The authors observed that two-child families with either two boys or two
girls are substantially more likely to have a third child than
two-child families with one boy and one girl. The sex of the first two
children, then, constitutes a kind of natural experiment: it is as if an
experimenter had randomly assigned some families to have two children
and others to have three. The authors were then able to credibly
estimate the causal effect of having a third child on labor market
outcomes. Angrist and Evans found that childbearing had a greater impact
on poor and less educated women than on highly educated women although
the earnings impact of having a third child tended to disappear by that
child's 13th birthday. They also found that having a third child had
little impact on husbands' earnings.
Game shows
Within
economics, game shows are a frequently studied form of natural
experiment. While game shows might seem to be artificial contexts, they
can be considered natural experiments due to the fact that the context
arises without interference of the scientist. Game shows have been used
to study a wide range of different types of economic behavior, such as
decision making under risk and cooperative behavior.
Smoking ban
In Helena, Montana a smoking ban
was in effect in all public spaces, including bars and restaurants,
during the six-month period from June 2002 to December 2002. Helena is
geographically isolated and served by only one hospital. The
investigators observed that the rate of heart attacks
dropped by 40% while the smoking ban was in effect. Opponents of the
law prevailed in getting the enforcement of the law suspended after six
months, after which the rate of heart attacks went back up. This study was an example of a natural experiment, called a case-crossover experiment,
where the exposure is removed for a time and then returned. The study
also potentially suggests that the inability to control variables in
natural experiments can impede investigators from drawing firm
conclusions. Critics argued that the particularly large percentage
fluctuation in the rate of myocardial infarction was likely due to
chance, given the small population size.
Nuclear weapons testing
Nuclear weapons testing released large quantities of radioactive isotopes into the atmosphere, some of which could be incorporated into biological tissues. The release stopped after the Partial Nuclear Test Ban Treaty in 1963, which prohibited atmospheric nuclear tests. This resembled a large-scale pulse-chase experiment,
but could not have been performed as a regular experiment in humans due
to scientific ethics. Several types of observations were made possible
(in people born before 1963), such as determination of the rate of
replacement for cells in different human tissues.
Vietnam War draft
An
important question in economics research is what determines earnings.
Angrist (1990) evaluated the effects of military service on lifetime
earnings. Using statistical methods developed in econometrics, Angrist capitalized on the approximate random assignment of the Vietnam War draft lottery, and used it as an instrumental variable
associated with eligibility (or non-eligibility) for military service.

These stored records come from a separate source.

(* Let $\mathcal K$ be a 2-category which admits Eilenberg–Moore constructions for monads and in which idempotent 2-cells split. Let $\varrho:(V,\psi)\Rightarrow(W,\phi)$ be a 2-cell in $\mathrm{EM}^w(\mathcal K)$ between 1-cells $(t,\mu,\eta)\to(t',\mu',\eta')$. For $X\in\{V,W\}$ with structure 2-cell $\chi\in\{\psi,\phi\}$, let $Xv\overset{\pi}{\Rightarrow}\widetilde X\overset{\iota}{\Rightarrow}Xv$ be the chosen splitting of the idempotent $Xv\epsilon\ast\chi v\ast\eta'Xv$, and let $\widetilde\psi:=\pi\ast Vv\epsilon\ast\psi v\ast t'\iota$, $\widetilde\phi:=\pi\ast Wv\epsilon\ast\phi v\ast t'\iota$. Then $\widetilde\varrho:=\pi\ast Wv\epsilon\ast\varrho v\ast\iota:\widetilde V\Rightarrow\widetilde W$ is a 2-cell $(\widetilde V,\widetilde\psi)\Rightarrow(\widetilde W,\widetilde\phi)$ in $\mathrm{EM}(\mathcal K)$, i.e. $\widetilde\varrho\ast\widetilde\psi=\widetilde\phi\ast t'\widetilde\varrho$.
   Context: Conventions in a 2-category $\mathcal K$: horizontal composition and whiskering by juxtaposition in the order of functor composition; identity 1-cell of $k$ written $k$, identity 2-cell of $V$ written $V$; vertical composition $\ast$ with $\alpha\ast\beta$ meaning $\beta$ then $\alpha$. A monad $(t,\mu,\eta)$ on $k$: $t:k\to k$, $\mu:tt\Rightarrow t$, $\eta:k\Rightarrow t$, associative and unital. $\mathrm{EM}^w(\mathcal K)$: a 1-cell $(t,\mu,\eta)\to(t',\mu',\eta')$ ($t$ on $k$, $t'$ on $k'$) is $(V,\psi)$, $V:k\to k'$, $\psi:t'V\Rightarrow Vt$, with $V\mu\ast\psi t\ast t'\psi=\psi\ast\mu'V$; a 2-cell $(V,\psi)\Rightarrow(W,\phi)$ is $\varrho:V\Rightarrow Wt$ with $W\mu\ast\varrho t\ast\psi=W\mu\ast\phi t\ast t'\varrho$ and $\varrho=W\mu\ast\phi t\ast\eta'Wt\ast\varrho$. In the Lack–Street 2-category $\mathrm{EM}(\mathcal K)$, 1-cells from an identity monad $I(l)$ to $t'$ are pairs $(A,\alpha:t'A\Rightarrow A)$ ($t'$-algebras) and 2-cells $(A,\alpha)\Rightarrow(B,\beta)$ are $\rho:A\Rightarrow B$ with $\beta\ast t'\rho=\rho\ast\alpha$. $\mathcal K$ admits Eilenberg–Moore constructions for monads: the inclusion $I:\mathcal K\to\mathrm{EM}(\mathcal K)$ has a right 2-adjoint $J$; each monad $(t,\mu,\eta)$ on $k$ gives an adjunction $f\dashv v$, $f:k\to J(t)$, $v:J(t)\to k$, unit $\eta$, counit $\epsilon:fv\Rightarrow J(t)$, with $t=vf$, $\mu=v\epsilon f$; for $t'$: $f',v',\eta',\epsilon'$. Idempotent 2-cells split (every idempotent $e$ factors as $e=\iota\ast\pi$ with $\pi\ast\iota$ an identity). For a 1-cell $(X,\chi)$ of $\mathrm{EM}^w(\mathcal K)$, $Xv\epsilon\ast\chi v\ast\eta'Xv$ is idempotent, and $(\widetilde X,\widetilde\chi)$ is a $t'$-algebra on $\widetilde X:J(t)\to k'$. *)

theory Defs
  imports Main
begin

text \<open>Composition is written in the order of functor composition:
comp1 g f is "g after f" (juxtaposition g f); hcomp a b is the horizontal composite
(juxtaposition a b); vcomp a b is a * b, i.e. b first, then a.\<close>

record ('o, 'm, 'c) twocat =
  obj   :: "'o set"
  arr1  :: "'m set"
  src1  :: "'m \<Rightarrow> 'o"
  tgt1  :: "'m \<Rightarrow> 'o"
  arr2  :: "'c set"
  dom2  :: "'c \<Rightarrow> 'm"
  cod2  :: "'c \<Rightarrow> 'm"
  id1   :: "'o \<Rightarrow> 'm"
  comp1 :: "'m \<Rightarrow> 'm \<Rightarrow> 'm"
  id2   :: "'m \<Rightarrow> 'c"
  vcomp :: "'c \<Rightarrow> 'c \<Rightarrow> 'c"
  hcomp :: "'c \<Rightarrow> 'c \<Rightarrow> 'c"

definition hom1 :: "('o,'m,'c) twocat \<Rightarrow> 'm \<Rightarrow> 'o \<Rightarrow> 'o \<Rightarrow> bool" where
  "hom1 K x a b \<longleftrightarrow> x \<in> arr1 K \<and> src1 K x = a \<and> tgt1 K x = b"

definition hom2 :: "('o,'m,'c) twocat \<Rightarrow> 'c \<Rightarrow> 'm \<Rightarrow> 'm \<Rightarrow> bool" where
  "hom2 K \<alpha> x y \<longleftrightarrow> \<alpha> \<in> arr2 K \<and> dom2 K \<alpha> = x \<and> cod2 K \<alpha> = y"

definition two_category :: "('o,'m,'c) twocat \<Rightarrow> bool" where
  "two_category K \<longleftrightarrow>
    \<comment> \<open>1-cells\<close>
    (\<forall>x\<in>arr1 K. src1 K x \<in> obj K \<and> tgt1 K x \<in> obj K) \<and>
    (\<forall>a\<in>obj K. hom1 K (id1 K a) a a) \<and>
    (\<forall>f\<in>arr1 K. \<forall>g\<in>arr1 K. src1 K g = tgt1 K f \<longrightarrow>
        hom1 K (comp1 K g f) (src1 K f) (tgt1 K g)) \<and>
    (\<forall>f\<in>arr1 K. \<forall>g\<in>arr1 K. \<forall>h\<in>arr1 K. src1 K h = tgt1 K g \<longrightarrow> src1 K g = tgt1 K f \<longrightarrow>
        comp1 K h (comp1 K g f) = comp1 K (comp1 K h g) f) \<and>
    (\<forall>f\<in>arr1 K. comp1 K (id1 K (tgt1 K f)) f = f \<and> comp1 K f (id1 K (src1 K f)) = f) \<and>
    \<comment> \<open>2-cells\<close>
    (\<forall>\<alpha>\<in>arr2 K. dom2 K \<alpha> \<in> arr1 K \<and> cod2 K \<alpha> \<in> arr1 K \<and>
        src1 K (dom2 K \<alpha>) = src1 K (cod2 K \<alpha>) \<and> tgt1 K (dom2 K \<alpha>) = tgt1 K (cod2 K \<alpha>)) \<and>
    (\<forall>x\<in>arr1 K. hom2 K (id2 K x) x x) \<and>
    \<comment> \<open>vertical composition\<close>
    (\<forall>\<alpha>\<in>arr2 K. \<forall>\<beta>\<in>arr2 K. dom2 K \<alpha> = cod2 K \<beta> \<longrightarrow>
        hom2 K (vcomp K \<alpha> \<beta>) (dom2 K \<beta>) (cod2 K \<alpha>)) \<and>
    (\<forall>\<alpha>\<in>arr2 K. \<forall>\<beta>\<in>arr2 K. \<forall>\<gamma>\<in>arr2 K. dom2 K \<alpha> = cod2 K \<beta> \<longrightarrow> dom2 K \<beta> = cod2 K \<gamma> \<longrightarrow>
        vcomp K \<alpha> (vcomp K \<beta> \<gamma>) = vcomp K (vcomp K \<alpha> \<beta>) \<gamma>) \<and>
    (\<forall>\<alpha>\<in>arr2 K. vcomp K (id2 K (cod2 K \<alpha>)) \<alpha> = \<alpha> \<and> vcomp K \<alpha> (id2 K (dom2 K \<alpha>)) = \<alpha>) \<and>
    \<comment> \<open>horizontal composition\<close>
    (\<forall>\<alpha>\<in>arr2 K. \<forall>\<beta>\<in>arr2 K. src1 K (dom2 K \<alpha>) = tgt1 K (dom2 K \<beta>) \<longrightarrow>
        hom2 K (hcomp K \<alpha> \<beta>) (comp1 K (dom2 K \<alpha>) (dom2 K \<beta>)) (comp1 K (cod2 K \<alpha>) (cod2 K \<beta>))) \<and>
    (\<forall>\<alpha>\<in>arr2 K. \<forall>\<beta>\<in>arr2 K. \<forall>\<gamma>\<in>arr2 K.
        src1 K (dom2 K \<alpha>) = tgt1 K (dom2 K \<beta>) \<longrightarrow> src1 K (dom2 K \<beta>) = tgt1 K (dom2 K \<gamma>) \<longrightarrow>
        hcomp K \<alpha> (hcomp K \<beta> \<gamma>) = hcomp K (hcomp K \<alpha> \<beta>) \<gamma>) \<and>
    (\<forall>\<alpha>\<in>arr2 K. hcomp K (id2 K (id1 K (tgt1 K (dom2 K \<alpha>)))) \<alpha> = \<alpha> \<and>
                 hcomp K \<alpha> (id2 K (id1 K (src1 K (dom2 K \<alpha>)))) = \<alpha>) \<and>
    (\<forall>f\<in>arr1 K. \<forall>g\<in>arr1 K. src1 K g = tgt1 K f \<longrightarrow>
        hcomp K (id2 K g) (id2 K f) = id2 K (comp1 K g f)) \<and>
    \<comment> \<open>interchange law\<close>
    (\<forall>\<alpha>\<in>arr2 K. \<forall>\<beta>\<in>arr2 K. \<forall>\<gamma>\<in>arr2 K. \<forall>\<delta>\<in>arr2 K.
        dom2 K \<alpha> = cod2 K \<beta> \<longrightarrow> dom2 K \<gamma> = cod2 K \<delta> \<longrightarrow> src1 K (dom2 K \<alpha>) = tgt1 K (dom2 K \<gamma>) \<longrightarrow>
        vcomp K (hcomp K \<alpha> \<gamma>) (hcomp K \<beta> \<delta>) = hcomp K (vcomp K \<alpha> \<beta>) (vcomp K \<gamma> \<delta>))"

text \<open>Whiskering: wr K \<alpha> x is the 2-cell \<alpha>x, wl K x \<alpha> is x\<alpha>.\<close>

definition wr :: "('o,'m,'c) twocat \<Rightarrow> 'c \<Rightarrow> 'm \<Rightarrow> 'c" where
  "wr K \<alpha> x = hcomp K \<alpha> (id2 K x)"

definition wl :: "('o,'m,'c) twocat \<Rightarrow> 'm \<Rightarrow> 'c \<Rightarrow> 'c" where
  "wl K x \<alpha> = hcomp K (id2 K x) \<alpha>"

definition idempotents_split :: "('o,'m,'c) twocat \<Rightarrow> bool" where
  "idempotents_split K \<longleftrightarrow>
    (\<forall>e\<in>arr2 K. dom2 K e = cod2 K e \<and> vcomp K e e = e \<longrightarrow>
      (\<exists>X \<pi> \<iota>. hom2 K \<pi> (dom2 K e) X \<and> hom2 K \<iota> X (dom2 K e) \<and>
               e = vcomp K \<iota> \<pi> \<and> vcomp K \<pi> \<iota> = id2 K X))"
lemma shifted_rows_eq_if_agree_on_window:
  assumes "i < t" "x \<in> words v t" "x' \<in> words v t" "s < v" "s' < v"
    and agree: "\<And>j. i \<le> j \<Longrightarrow> j \<le> i + t \<Longrightarrow> shifted_row v t (s, x) j = shifted_row v t (s', x') j"
  shows "(s, x) = (s', x')"
proof -
  have nth_x: "x ! q < v" "x' ! q < v" if "q < t" for q
    using words_nth_less assms(2,3) that by auto
  have right: "[x ! q + s = x' ! q + s'] (mod v)" if "q < t" "i \<le> q + t" "q \<le> i" for q
    using agree[of "q + t"] that shifted_row_right by (simp add: cong_def)
  have "x ! i = x' ! i"
    using agree[of i] assms(1) shifted_row_left nth_x by simp
  then have "s = s'"
    using right[of i] assms(1,4,5) cong_less_modulus_unique_nat
    by (simp add: cong_add_lcancel_nat)
  have "x ! q = x' ! q" if "q < t" for q
  proof (cases "i \<le> q")
    case True
    then show ?thesis using agree[of q] that shifted_row_left nth_x by simp
  next
    case False
    then show ?thesis
      using right[of q] assms(1) that \<open>s = s'\<close> nth_x cong_less_modulus_unique_nat
      by (simp add: cong_add_rcancel_nat)
  qed
  then have "x = x'" using assms(2,3) by (intro nth_equalityI) (auto simp: words_def)
  with \<open>s = s'\<close> show ?thesis by simp
qed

Because many factors might predict whether someone serves in the
military, the draft lottery frames a natural experiment whereby those
drafted into the military can be compared against those not drafted
because the two groups should not differ substantially prior to military
service. Angrist found that the earnings of veterans were, on average,
about 15 percent less than the earnings of non-veterans.
Industrial melanism
With the Industrial Revolution in the nineteenth century, many species of moth, including the well-studied peppered moth, responded to the atmospheric pollution of sulphur dioxide and soot around cities with industrial melanism,
a dramatic increase in the frequency of dark forms over the formerly
abundant pale, speckled forms. In the twentieth century, as regulation
improved and pollution fell, providing the conditions for a large-scale
natural experiment, the trend towards industrial melanism was reversed,
and melanic forms quickly became scarce. The effect led the evolutionary
biologists L. M. Cook and J. R. G. Turner to conclude that "natural selection is the only credible explanation for the overall decline".